lemma colorable3_contract_string:
  assumes col: "is_3_edge_colouring (str_ends ends u v k) F col"
    and new: "Inr ` {..6*k} \<subseteq> F" and "k \<ge> 1" and a: "ends a = {u, v}"
  shows "colorable3 ends (insert a (Inl -` F))"
proof -
  let ?SE = "str_ends ends u v k" and ?last = "6*(k-1) + 5"
  define col' where "col' = (col \<circ> Inl)(a := col (Inr (6*k)))"
  have last: "?last \<le> 6*k" "Inl v \<in> ?SE (Inr ?last)"
    using \<open>k \<ge> 1\<close> str_ends_diamond[of "k-1" k 5 ends u v] by auto
  have meets_a: "col (Inl f) \<noteq> col (Inr (6*k))" if "Inl f \<in> F" "f \<noteq> a" "ends a \<inter> ends f \<noteq> {}" for f
  proof -
    have "u \<in> ends f \<or> v \<in> ends f" using that(3) a by auto
    then show ?thesis
    proof
      assume "u \<in> ends f"
      then show ?thesis using is_3_edge_colouring_adjacent[OF col that(1), of "Inr (6*k)" "Inl u"] new
        by (auto simp: str_ends_attach)
    next
      assume "v \<in> ends f"
      then have "col (Inl f) \<noteq> col (Inr ?last)"
        using is_3_edge_colouring_adjacent[OF col that(1), of "Inr ?last" "Inl v"] new last by auto
      then show ?thesis using string_end_colours_eq[OF col new \<open>k \<ge> 1\<close>] by simp
    qed
  qed
  have "is_3_edge_colouring ends (insert a (Inl -` F)) col'"
    unfolding is_3_edge_colouring_def
  proof (intro conjI ballI impI)
    fix e assume "e \<in> insert a (Inl -` F)"
    then show "col' e < 3" using is_3_edge_colouring_lt3[OF col] new by (auto simp: col'_def)
  next
    fix e f assume "e \<in> insert a (Inl -` F)" "f \<in> insert a (Inl -` F)"
      and ef: "e \<noteq> f \<and> ends e \<inter> ends f \<noteq> {}"
    then consider "e = a" "f \<noteq> a" "Inl f \<in> F" | "f = a" "e \<noteq> a" "Inl e \<in> F"
      | "e \<noteq> a" "f \<noteq> a" "Inl e \<in> F" "Inl f \<in> F"
      by auto
    then show "col' e \<noteq> col' f"
    proof cases
      case 1
      then show ?thesis using meets_a[of f] ef by (auto simp: col'_def)
    next
      case 2
      then show ?thesis using meets_a[of e] ef by (auto simp: col'_def)
    next
      case 3
      then show ?thesis using is_3_edge_colouring_adjacent[OF col 3(3,4), of "Inl w" for w] ef
        by (auto simp: col'_def)
    qed
  qed
  then show ?thesis unfolding colorable3_iff by blast
qed

lemma nu3_string_ge:
  assumes "finite E" "a \<in> E" "ends a = {u, v}" "u \<noteq> v" "k \<ge> 1" "degree E ends v \<le> 3"
  shows "nu3 V E ends + 6*k \<le> nu3 V' (str_E E a k) (str_ends ends u v k)"
proof -
  let ?E' = "str_E E a k" and ?SE = "str_ends ends u v k"
  obtain F where F: "F \<subseteq> E" "colorable3 ends F" "card F = nu3 V E ends"
    using nu3_attained[OF \<open>finite E\<close>] by blast
  then obtain col where col: "is_3_edge_colouring ends F col" unfolding colorable3_iff by blast
  have "finite F" using F(1) \<open>finite E\<close> finite_subset by blast
  have "\<exists>F'. F' \<subseteq> ?E' \<and> colorable3 ?SE F' \<and> card F' = card F + 6*k"
  proof (cases "a \<in> F")
    case True
    let ?F' = "Inl ` (F - {a}) \<union> Inr ` {..6*k}"
    have meets_a: "col e \<noteq> col a" if "e \<in> F - {a}" "w \<in> ends e" "w \<in> {u, v}" for e w
      by (rule is_3_edge_colouring_adjacent[OF col _ True, of e w]) (use that \<open>ends a = {u, v}\<close> in auto)
    have "colorable3 ?SE ?F'"
      by (rule colorable3_extend_by_string[OF \<open>u \<noteq> v\<close> \<open>k \<ge> 1\<close> is_3_edge_colouring_subset[OF col]])
        (use is_3_edge_colouring_lt3[OF col True] meets_a[of _ u] meets_a[of _ v] in auto)
    moreover have "card ?F' = card F + 6*k"
      using \<open>finite F\<close> True card_gt_0_iff[of F] by (auto simp: card_Inl_Inr)
    moreover have "?F' \<subseteq> ?E'" using F(1) by (auto simp: str_E_def)
    ultimately show ?thesis by blast
  next
    case False
    let ?F' = "Inl ` F \<union> Inr ` {..<6*k}" and ?at_v = "{e \<in> F. v \<in> ends e}"
    have "?at_v \<subseteq> {e \<in> E. v \<in> ends e} - {a}" using F(1) False by auto
    moreover have "card ({e \<in> E. v \<in> ends e} - {a}) \<le> 2"
      using \<open>degree E ends v \<le> 3\<close> \<open>a \<in> E\<close> \<open>ends a = {u, v}\<close> \<open>finite E\<close>
      by (simp add: degree_def)
    ultimately have "card ?at_v \<le> 2"
      using card_mono[of "{e \<in> E. v \<in> ends e} - {a}" ?at_v] \<open>finite E\<close> by simp
    moreover have "finite ?at_v" using \<open>finite F\<close> by simp
    ultimately obtain d where d: "d < 3" "d \<notin> col ` ?at_v"
      using colour_not_in_image by blast
    have "colorable3 ?SE ?F'"
      by (rule colorable3_extend_by_string[OF \<open>u \<noteq> v\<close> \<open>k \<ge> 1\<close> col d(1)]) (use d(2) in auto)
    moreover have "card ?F' = card F + 6*k" using \<open>finite F\<close> by (simp add: card_Inl_Inr)
    moreover have "?F' \<subseteq> ?E'" using F(1) False by (auto simp: str_E_def)
    ultimately show ?thesis by blast
  qed
  then obtain F' where F': "F' \<subseteq> ?E'" "colorable3 ?SE F'" "card F' = card F + 6*k" by blast
  have "finite ?E'" using \<open>finite E\<close> by (simp add: str_E_def)
  then show ?thesis using card_le_nu3[OF _ F'(1,2), of V'] F'(3) F(3) by simp
qed

lemma nu3_string_le:
  assumes "finite E" "a \<in> E" "ends a = {u, v}" "k \<ge> 1"
  shows "nu3 V' (str_E E a k) (str_ends ends u v k) \<le> nu3 V E ends + 6*k"
proof (rule nu3_le)
  let ?SE = "str_ends ends u v k"
  show "finite (str_E E a k)" using \<open>finite E\<close> by (simp add: str_E_def)
  fix F assume F: "F \<subseteq> str_E E a k" "colorable3 ?SE F"
  then obtain col where col: "is_3_edge_colouring ?SE F col" unfolding colorable3_iff by blast
  define old where "old = Inl -` F"
  define new where "new = Inr -` F"
  have old_sub: "old \<subseteq> E - {a}" and new_sub: "new \<subseteq> {..6*k}"
    using F(1) by (auto simp: str_E_def old_def new_def)
  have "finite old" using old_sub \<open>finite E\<close> finite_subset by blast
  have "F = Inl ` old \<union> Inr ` new"
  proof (rule set_eqI)
    show "x \<in> F \<longleftrightarrow> x \<in> Inl ` old \<union> Inr ` new" for x by (cases x) (auto simp: old_def new_def)
  qed
  then have card_F: "card F = card old + card new"
    using card_Inl_Inr[OF \<open>finite old\<close> finite_subset[OF new_sub finite_atMost]] by simp
  show "card F \<le> nu3 V E ends + 6*k"
  proof (cases "new = {..6*k}")
    case True
    then have "colorable3 ends (insert a old)"
      using colorable3_contract_string[OF col _ \<open>k \<ge> 1\<close> \<open>ends a = {u, v}\<close>]
      unfolding old_def new_def by auto
    moreover have "insert a old \<subseteq> E" using old_sub \<open>a \<in> E\<close> by auto
    ultimately have "card (insert a old) \<le> nu3 V E ends"
      using card_le_nu3[OF \<open>finite E\<close>] by blast
    moreover have "a \<notin> old" using old_sub by blast
    ultimately show ?thesis using card_F True \<open>finite old\<close> by simp
  next
    case False
    then have "card new < card {..6*k}"
      using new_sub psubset_card_mono[of "{..6*k}" new] by auto
    moreover have "card old \<le> nu3 V E ends"
      using card_le_nu3[OF \<open>finite E\<close>, of old] old_sub is_3_edge_colouring_old_edges[OF col]
      unfolding colorable3_iff old_def by auto
    ultimately show ?thesis using card_F by simp
  qed
qed

theorem lemma2:
  fixes V :: "'v set" and E :: "'e set" and ends :: "'e \<Rightarrow> 'v set"
    and a :: 'e and u v :: 'v and k :: nat
  assumes "cubic V E ends"
    and "a \<in> E" and "ends a = {u, v}"
    and "k \<ge> 1"
    and "cubic (str_V V k) (str_E E a k) (str_ends ends u v k)"
  shows "r3 (str_V V k) (str_E E a k) (str_ends ends u v k) = r3 V E ends"
proof -
  have G: "finite E" "card (ends a) = 2" "ends a \<subseteq> V" "\<forall>x\<in>V. degree E ends x = 3"
    using assms(1,2) by (auto simp: cubic_def multigraph_def)
  then have "u \<noteq> v" "degree E ends v \<le> 3" using assms(3) by auto
  then have "nu3 (str_V V k) (str_E E a k) (str_ends ends u v k) = nu3 V E ends + 6*k"
    by (intro antisym nu3_string_le nu3_string_ge G(1) assms(2-4))
  then show ?thesis using card_str_E[OF G(1) assms(2)] by (simp add: r3_def)
qed

end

-- -- --

### Task prompt
Wherever the word "unfolding" appears in a line of the data, copy that line.

### Solved exercise
    unfolding is_3_edge_colouring_def
  then show ?thesis unfolding colorable3_iff by blast
  then obtain col where col: "is_3_edge_colouring ends F col" unfolding colorable3_iff by blast
  then obtain col where col: "is_3_edge_colouring ?SE F col" unfolding colorable3_iff by blast
      unfolding old_def new_def by auto
      unfolding colorable3_iff old_def by auto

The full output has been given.